Saturday, November 2, 2013

Birding Yin and Yang

There's a battle of sorts that takes place among birders, and it's the one about quality over quantity.  Or is it quantity over quality?

In my marathoning days, there was a similar schism within the running community.  Is it more noble to run tons of marathons (e.g., finish one in each of the fifty states, or maybe all the continents, or maybe one every weekend for a year, things that seem completely crazy to non-marathoners, but border on the everyday to the folks in clubs like the Marathon Maniacs and the 50 States Marathon Club), or is it more noble to run a few marathons and do your absolute best (i.e., fastest)?  

With birders, is it about seeing the most birds?  Or really understanding and being able to identify the birds you see?

In either case, are the two mutually exclusive?

It's a question I ask myself frequently as I find myself becoming a birder.  (For the record, as a marathoner, I found myself somewhere in the middle.  Yes, I ran a marathon in each of the 50 states.  But I also qualified for and ran the Boston Marathon ten years in a row - 11 if you count the hot year at the end, when I wasn't trained and had lost my spirit and had my first ever DNF.  But that's an entirely different story - and blog.)  Do I want to just build up a big life list?  The hard core birders scoff at the people they call "listers", and I don't ever want to be dismissed so handily.

But really, is it all or nothing?  Yin or yang?  Consider one of my best birding friends.  In birding, he stays fairly close to home, and knows a ton more than I do about our local birds.  And yet, that knowledge translates into an overall superior knowledge of birds.  When I travel and have ID issues, he's able to help me figure out what I'm seeing, even if it's a bird he might not have seen himself....and, I believe, he appreciates the birds I share with him.  In fact, even though he likes to say "you know I don't chase birds", his messages to me often start with things like, "had a nice day at chatfield, saw the pomarine jaeger, and a sabine's gull, and a red-necked grebe".

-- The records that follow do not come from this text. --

lemma is_dual_core_inverse_props:
  fixes a :: "'a::ring_1"
  assumes inv: "involution s" and d: "is_dual_core_inverse s a X"
  shows "s (X * a) = X * a" "X * a * s a = s a" "a * X * a = a" "X * a * X = X"
    "a * a * X = a" "X * X * a = X"
proof -
  have axa: "a * X * a = a" and rX: "rprin X = rprin (s a)" and lX: "lprin X = lprin a"
    using d by (auto simp: is_dual_core_inverse_def)
  have "X \<in> rprin (s a)" using rX self_in_rprin[of X] by simp
  then obtain p where p: "X = s a * p" by (auto simp: rprin_def)
  have "X \<in> lprin a" using lX self_in_lprin[of X] by simp
  then obtain r where r: "X = r * a" by (auto simp: lprin_def)
  have "a \<in> lprin X" using lX self_in_lprin[of a] by simp
  then obtain t where t: "a = t * X" by (auto simp: lprin_def)
  have sa: "s a = s (X * a) * s a"
    using axa inv by (metis involution_mult mult.assoc)
  have Xa: "X * a = s (X * a) * (X * a)"
    using sa p by (metis mult.assoc)
  then show herm: "s (X * a) = X * a"
    using inv by (metis involution_mult involution_invol)
  show Xasa: "X * a * s a = s a" using sa herm by simp
  show "a * X * a = a" by (rule axa)
  show XaX: "X * a * X = X" using p Xasa by (metis mult.assoc)
  show "a * a * X = a" using t XaX by (metis mult.assoc)
  show "X * X * a = X" using r axa by (metis mult.assoc)
qed

lemma is_dual_core_inverse_unique:
  fixes a :: "'a::ring_1"
  assumes inv: "involution s"
    and d: "is_dual_core_inverse s a X" and d': "is_dual_core_inverse s a X'"
  shows "X = X'"
proof -
  note P = is_dual_core_inverse_props[OF inv d] and P' = is_dual_core_inverse_props[OF inv d']
  have "X \<in> lprin a" using d self_in_lprin[of X] by (simp add: is_dual_core_inverse_def)
  then obtain r where r: "X = r * a" by (auto simp: lprin_def)
  have "X * a = s (X * a)" using P by simp
  also have "\<dots> = s (a * X' * a) * s X" using inv P' by (simp add: involution_mult)
  also have "\<dots> = s (X' * a) * s (X * a)" using inv by (simp add: involution_mult mult.assoc)
  also have "\<dots> = X' * (a * X * a)" using P P' by (simp add: mult.assoc)
  finally have Xa: "X * a = X' * a" using P by simp
  have "X * a * X' = X" using r P' by (metis mult.assoc)
  then show ?thesis using Xa P' by simp
qed

lemma dual_core_inv_eqI:
  "involution s \<Longrightarrow> is_dual_core_inverse s a X \<Longrightarrow> dual_core_inv s a = X"
  unfolding dual_core_inv_def by (blast intro: is_dual_core_inverse_unique)

lemma dual_core_inv_construct:
  "involution s \<Longrightarrow> a = a * s a * x \<Longrightarrow> group_inverse a g \<Longrightarrow> dual_core_inv s a = s x * a * g"
  by (simp add: dual_core_inv_eqI is_dual_core_inverse_construct)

It seems that there's a little bit of the purist and the seeker there.

As a fledgling birder, I do have a life list that is far greater and more varied than someone with my limited experience should normally lay claim to.  That's largely due to the great good fortune that I've had in the last year, to have a work project in South Africa, and have taken advantage of 4 trips to the southern part of Africa to see wildlife:  specifically, birds.  As well as the vacations to places like Alaska and Florida and Texas and the Galapagos.   But it also has to do with the fact that I've embraced this thing, and chased birds - local regulars as well as the irregular migrants or other rarities.

Which brings me to my last couple of weeks, and non-AMB program birding.  The classes and field trips are getting more widely spaced as we get into the end of the year, and allowances have been made for the sparsity of birds in the state post-migration.  In fact, for the last couple of months of the year, the pace drops off noticeably.  Not to worry:  we'll make up for it next June and July when the schedule is super-intense:  during that time frame, the only weekend we won't have a field trip is over the Fourth of July.  I have no worries that I'll get my money's worth.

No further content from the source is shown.